TASK STATEMENT: In the material below, find every line containing the string "rule" and return it.

DATA FOR REVIEW:
-- -- --

lemma permutes_character_cases:
  assumes "finite S"
    and mult: "\<And>\<sigma> \<tau>. \<sigma> permutes S \<Longrightarrow> \<tau> permutes S \<Longrightarrow> P (\<sigma> \<circ> \<tau>) \<longleftrightarrow> (P \<sigma> \<longleftrightarrow> P \<tau>)"
  shows "(\<forall>\<sigma>. \<sigma> permutes S \<longrightarrow> P \<sigma>) \<or> (\<forall>\<sigma>. \<sigma> permutes S \<longrightarrow> (P \<sigma> \<longleftrightarrow> evenperm \<sigma>))"
proof -
  let ?t = Transposition.transpose
  define T where "T \<longleftrightarrow> (\<forall>a\<in>S. \<forall>b\<in>S. a \<noteq> b \<longrightarrow> P (?t a b))"
  have swap: "P (?t a c) \<longleftrightarrow> P (?t b c)" if "a \<in> S" "b \<in> S" "c \<in> S" "a \<noteq> c" "b \<noteq> c" for a b c
    using transposition_character_swap[OF mult that] .
  have same: "P (?t a b) \<longleftrightarrow> P (?t c d)"
    if "a \<in> S" "b \<in> S" "c \<in> S" "d \<in> S" "a \<noteq> b" "c \<noteq> d" for a b c d
  proof (cases "c = b")
    case True
    then show ?thesis using swap[of d a b] that by (simp add: transpose_commute[of b d])
  next
    case False
    then show ?thesis using swap[of a c b] swap[of b d c] that
      by (simp add: transpose_commute[of b c] transpose_commute[of d c])
  qed
  have T: "P (?t a b) \<longleftrightarrow> T" if "a \<in> S" "b \<in> S" "a \<noteq> b" for a b
    unfolding T_def using same that by blast
  have "P \<sigma> \<longleftrightarrow> T \<or> evenperm \<sigma>" if "\<sigma> permutes S" for \<sigma>
    using that \<open>finite S\<close>
  proof (induction rule: permutes_induct)
    case id
    have "P id" using mult[OF permutes_id permutes_id] by (metis id_comp)
    then show ?case by (simp add: id_def)
  next
    case (swap a b p)
    have "evenperm (?t a b \<circ> p) \<longleftrightarrow> \<not> evenperm p"
      using swap permutes_imp_permutation[OF \<open>finite S\<close>]
      by (simp add: evenperm_comp permutation_swap_id evenperm_swap)
    moreover have "P (?t a b \<circ> p) \<longleftrightarrow> (P (?t a b) \<longleftrightarrow> P p)"
      using swap.hyps by (simp add: mult permutes_swap_id)
    ultimately show ?case using T[OF swap.hyps(1-3)] swap.IH by blast
  qed
  then show ?thesis by blast
qed

lemma four_cycle_exists:
  obtains \<sigma> :: "nat \<Rightarrow> nat"
  where "\<sigma> permutes {1..4}" "\<not> evenperm \<sigma>" "\<sigma> \<circ> \<sigma> \<noteq> id" "(\<sigma> \<circ> \<sigma>) \<circ> (\<sigma> \<circ> \<sigma>) = id"
proof
  let ?t = "Transposition.transpose :: nat \<Rightarrow> nat \<Rightarrow> nat \<Rightarrow> nat"
  let ?\<sigma> = "?t 1 2 \<circ> ?t 2 3 \<circ> ?t 3 4"
  show "?\<sigma> permutes {1..4}" by (intro permutes_compose permutes_swap_id) auto
  show "\<not> evenperm ?\<sigma>"
    by (simp add: evenperm_comp permutation_compose permutation_swap_id evenperm_swap)
  have "(?\<sigma> \<circ> ?\<sigma>) 1 = 3" by (simp add: Transposition.transpose_def)
  then show "?\<sigma> \<circ> ?\<sigma> \<noteq> id" by (metis id_apply numeral_One numeral_eq_iff semiring_norm(86))
  show "(?\<sigma> \<circ> ?\<sigma>) \<circ> (?\<sigma> \<circ> ?\<sigma>) = id"
  proof
    fix x :: nat
    show "((?\<sigma> \<circ> ?\<sigma>) \<circ> (?\<sigma> \<circ> ?\<sigma>)) x = id x"
      by (cases "x = 1"; cases "x = 2"; cases "x = 3"; cases "x = 4")
        (simp_all add: Transposition.transpose_def)
  qed
qed

lemma partV_Int_partW: "partV n \<inter> partW n = {}"
  by (auto simp: partV_def partW_def)

lemma Knn_adj_iff:
  assumes "x \<in> Knn_verts n" "y \<in> Knn_verts n"
  shows "Knn_adj n x y \<longleftrightarrow> (x \<in> partV n \<longleftrightarrow> y \<notin> partV n)"
  using assms partV_Int_partW unfolding Knn_adj_def Knn_verts_def by blast

lemma Aut_Knn_same_part_iff:
  assumes f: "f \<in> Aut_Knn n" and "x \<in> Knn_verts n" "y \<in> Knn_verts n"
  shows "(f x \<in> partV n \<longleftrightarrow> f y \<in> partV n) \<longleftrightarrow> (x \<in> partV n \<longleftrightarrow> y \<in> partV n)"
proof -
  have "f permutes Knn_verts n" using f by (simp add: Aut_Knn_def)
  then have "f x \<in> Knn_verts n" "f y \<in> Knn_verts n" using assms by (simp_all add: permutes_in_image)
  moreover have "Knn_adj n x y \<longleftrightarrow> Knn_adj n (f x) (f y)" using f assms by (simp add: Aut_Knn_def)
  ultimately show ?thesis using Knn_adj_iff assms by blast
qed

lemma image_Int_eq_if_preimage:
  assumes "f ` X = X" "\<And>x. x \<in> X \<Longrightarrow> f x \<in> B \<longleftrightarrow> x \<in> A"
  shows "f ` (X \<inter> A) = X \<inter> B"
proof
  show "f ` (X \<inter> A) \<subseteq> X \<inter> B" using assms by auto
  show "X \<inter> B \<subseteq> f ` (X \<inter> A)"
  proof
    fix y assume "y \<in> X \<inter> B"
    then obtain x where "x \<in> X" "y = f x" using assms(1) by (metis IntD1 imageE)
    then show "y \<in> f ` (X \<inter> A)" using assms(2) \<open>y \<in> X \<inter> B\<close> by blast
  qed
qed

lemma Aut_Knn_preserves_or_swaps_parts:
  assumes f: "f \<in> Aut_Knn n" and "0 < n"
  shows "(f ` partV n = partV n \<and> f ` partW n = partW n) \<or>
         (f ` partV n = partW n \<and> f ` partW n = partV n)"
proof -
  let ?X = "Knn_verts n" and ?V = "partV n"
  have img: "f ` ?X = ?X" using f by (simp add: Aut_Knn_def permutes_image)
  have v0: "Inl 0 \<in> ?X" "Inl 0 \<in> ?V"
    using \<open>0 < n\<close> by (simp_all add: Knn_verts_def partV_def)
  have parts: "?V = ?X \<inter> ?V" "partW n = ?X \<inter> - ?V"
    using partV_Int_partW by (auto simp: Knn_verts_def)
  have side: "f x \<in> ?V \<longleftrightarrow> (x \<in> ?V \<longleftrightarrow> f (Inl 0) \<in> ?V)" if "x \<in> ?X" for x
    using Aut_Knn_same_part_iff[OF f that v0(1)] v0(2) by blast
  show ?thesis
  proof (cases "f (Inl 0) \<in> ?V")
    case True
    then have "f ` (?X \<inter> ?V) = ?X \<inter> ?V" "f ` (?X \<inter> - ?V) = ?X \<inter> - ?V"
      using side by (auto intro!: image_Int_eq_if_preimage[OF img])
    then show ?thesis using parts by simp
  next
    case False
    then have "f ` (?X \<inter> ?V) = ?X \<inter> - ?V" "f ` (?X \<inter> - ?V) = ?X \<inter> ?V"
      using side by (auto intro!: image_Int_eq_if_preimage[OF img])
    then show ?thesis using parts by simp
  qed
qed

lemma Aut_Knn_comp_preserves_partV_iff:
  assumes f: "f \<in> Aut_Knn n" and g: "g \<in> Aut_Knn n" and "0 < n"
  shows "(f \<circ> g) ` partV n = partV n \<longleftrightarrow> (f ` partV n = partV n \<longleftrightarrow> g ` partV n = partV n)"
proof -
  have ne: "partV n \<noteq> partW n" using \<open>0 < n\<close> by (auto simp: partV_def partW_def)
  have "(f \<circ> g) ` partV n = f ` (g ` partV n)" by (simp add: image_comp)
  then show ?thesis
    using Aut_Knn_preserves_or_swaps_parts[OF f \<open>0 < n\<close>] Aut_Knn_preserves_or_swaps_parts[OF g \<open>0 < n\<close>]
    by (elim disjE conjE) (simp_all add: ne ne[symmetric])
qed

lemma side_swapping_element_of_order_four:
  assumes GAut: "G \<subseteq> Aut_Knn n" and "0 < n"
    and iso: "sym_group 4 \<cong> perm_group G" and grp: "group (perm_group G)"
    and swaps: "\<exists>g\<in>G. g ` partV n \<noteq> partV n"
  obtains g where "g \<in> G" "g ` partV n = partW n" "g \<circ> g \<noteq> id" "(g \<circ> g) \<circ> (g \<circ> g) = id"
proof -
  obtain \<phi> where "\<phi> \<in> iso (sym_group 4) (perm_group G)" using iso by (auto simp: is_iso_def)
  then have hom: "\<phi> \<in> hom (sym_group 4) (perm_group G)"
    and bij: "bij_betw \<phi> {\<sigma>. \<sigma> permutes {1..4}} G"
    by (auto simp: iso_def perm_group_def sym_group_def)
  have \<phi>_comp: "\<phi> (\<sigma> \<circ> \<tau>) = \<phi> \<sigma> \<circ> \<phi> \<tau>" if "\<sigma> permutes {1..4}" "\<tau> permutes {1..4}" for \<sigma> \<tau>
    using hom_mult[OF hom] that by (simp add: sym_group_carrier sym_group_mult perm_group_def)
  have \<phi>_id: "\<phi> id = id"
    using hom_one[OF hom sym_group_is_group grp] by (simp add: sym_group_one perm_group_def)
  have \<phi>_G: "\<phi> \<sigma> \<in> Aut_Knn n" if "\<sigma> permutes {1..4}" for \<sigma>
    using bij that GAut by (auto simp: bij_betw_def)
  define P where "P \<sigma> \<longleftrightarrow> \<phi> \<sigma> ` partV n = partV n" for \<sigma>
  have "P (\<sigma> \<circ> \<tau>) \<longleftrightarrow> (P \<sigma> \<longleftrightarrow> P \<tau>)" if "\<sigma> permutes {1..4}" "\<tau> permutes {1..4}" for \<sigma> \<tau>
    unfolding P_def \<phi>_comp[OF that]
    by (rule Aut_Knn_comp_preserves_partV_iff[OF \<phi>_G \<phi>_G \<open>0 < n\<close>]) (use that in auto)
  then consider "\<forall>\<sigma>. \<sigma> permutes {1..4} \<longrightarrow> P \<sigma>" | "\<forall>\<sigma>. \<sigma> permutes {1..4} \<longrightarrow> (P \<sigma> \<longleftrightarrow> evenperm \<sigma>)"
    using permutes_character_cases[of "{1..4::nat}" P] by auto
  then show thesis
  proof cases
    case 1
    then show thesis using swaps bij by (auto simp: P_def bij_betw_def)
  next
    case 2
    obtain \<sigma> :: "nat \<Rightarrow> nat" where \<sigma>: "\<sigma> permutes {1..4}" "\<not> evenperm \<sigma>" "\<sigma> \<circ> \<sigma> \<noteq> id" "(\<sigma> \<circ> \<sigma>) \<circ> (\<sigma> \<circ> \<sigma>) = id"
      by (rule four_cycle_exists)
    have \<sigma>\<sigma>: "\<sigma> \<circ> \<sigma> permutes {1..4}" using \<sigma>(1) \<sigma>(1) by (rule permutes_compose)
    show thesis
    proof
      show "\<phi> \<sigma> \<in> G" using bij \<sigma>(1) by (auto simp: bij_betw_def)
      show "\<phi> \<sigma> ` partV n = partW n"
        using Aut_Knn_preserves_or_swaps_parts[OF \<phi>_G[OF \<sigma>(1)] \<open>0 < n\<close>] 2 \<sigma>(1,2) P_def by blast
      have "\<phi> (\<sigma> \<circ> \<sigma>) \<noteq> \<phi> id"
        using \<sigma>(3) bij \<sigma>\<sigma> permutes_id by (auto simp: bij_betw_def dest: inj_onD)
      then show "\<phi> \<sigma> \<circ> \<phi> \<sigma> \<noteq> id" using \<phi>_comp[OF \<sigma>(1) \<sigma>(1)] \<phi>_id by simp
      show "(\<phi> \<sigma> \<circ> \<phi> \<sigma>) \<circ> (\<phi> \<sigma> \<circ> \<phi> \<sigma>) = id"
        using \<phi>_comp[OF \<sigma>\<sigma> \<sigma>\<sigma>] \<phi>_comp[OF \<sigma>(1) \<sigma>(1)] \<sigma>(4) \<phi>_id by simp
    qed
  qed
qed

lemma arc_fixed_point_if_endpoints_swapped:
  fixes \<gamma> :: "real \<Rightarrow> 'a::real_normed_vector" and f :: "'a \<Rightarrow> 'a"
  assumes arc: "arc \<gamma>" and cf: "continuous_on (path_image \<gamma>) f"
    and fim: "f ` path_image \<gamma> = path_image \<gamma>"
    and f0: "f (pathstart \<gamma>) = pathfinish \<gamma>" and f1: "f (pathfinish \<gamma>) = pathstart \<gamma>"
  shows "\<exists>z\<in>path_image \<gamma>. f z = z"
proof -
  obtain k where hk: "homeomorphism {0..1} (path_image \<gamma>) \<gamma> k"
    using homeomorphism_arc[OF arc] by blast
  have kc: "continuous_on (path_image \<gamma>) k" and gc: "continuous_on {0..1} \<gamma>"
    and gim: "\<gamma> ` {0..1} = path_image \<gamma>"
    and kg: "\<And>t. t \<in> {0..1} \<Longrightarrow> k (\<gamma> t) = t" and gk: "\<And>y. y \<in> path_image \<gamma> \<Longrightarrow> \<gamma> (k y) = y"
    using hk by (auto simp: homeomorphism_def)
  define F where "F t = k (f (\<gamma> t)) - t" for t
  have cF: "continuous_on {0..1} F"
    unfolding F_def
  proof (intro continuous_intros)
    show "continuous_on {0..1} (\<lambda>t. k (f (\<gamma> t)))"
      by (rule continuous_on_compose2[OF kc continuous_on_compose2[OF cf gc]]) (use gim fim in auto)
  qed
  have "F 0 = 1" using f0 kg[of 1] by (simp add: F_def pathstart_def pathfinish_def)
  moreover have "F 1 = -1" using f1 kg[of 0] by (simp add: F_def pathstart_def pathfinish_def)
  ultimately have "\<exists>x. 0 \<le> x \<and> x \<le> 1 \<and> F x = 0"
    by (intro IVT2'[OF _ _ _ cF]) auto
  then obtain t where t: "0 \<le> t" "t \<le> 1" "F t = 0" by blast
  have gt: "\<gamma> t \<in> path_image \<gamma>" using t by (simp add: path_image_def)
  have fgt: "f (\<gamma> t) \<in> path_image \<gamma>" using gt fim by (metis imageI)
  have "k (f (\<gamma> t)) = t" using t(3) by (simp add: F_def)
  then have "f (\<gamma> t) = \<gamma> t"
    using gk[OF fgt] by simp
  then show ?thesis using gt by blast
qed

lemma exists_unit_orthogonal_to:
  fixes S :: "'a::euclidean_space set"
  assumes "dim S < DIM('a)"
  obtains u where "norm u = 1" "\<And>y. y \<in> S \<Longrightarrow> u \<bullet> y = 0"
proof -
  obtain u where u: "u \<noteq> 0" "\<And>y. y \<in> span S \<Longrightarrow> orthogonal u y"
    using orthogonal_to_subspace_exists[OF assms] by blast
  show thesis
  proof
    show "norm (u /\<^sub>R norm u) = 1" using u(1) by simp
    show "(u /\<^sub>R norm u) \<bullet> y = 0" if "y \<in> S" for y
      using u(2)[of y] that by (simp add: span_base orthogonal_def)
  qed
qed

-- -- --

SOLUTION:
  proof (induction rule: permutes_induct)
    by (rule Aut_Knn_comp_preserves_partV_iff[OF \<phi>_G \<phi>_G \<open>0 < n\<close>]) (use that in auto)
      by (rule four_cycle_exists)
    have \<sigma>\<sigma>: "\<sigma> \<circ> \<sigma> permutes {1..4}" using \<sigma>(1) \<sigma>(1) by (rule permutes_compose)
      by (rule continuous_on_compose2[OF kc continuous_on_compose2[OF cf gc]]) (use gim fim in auto)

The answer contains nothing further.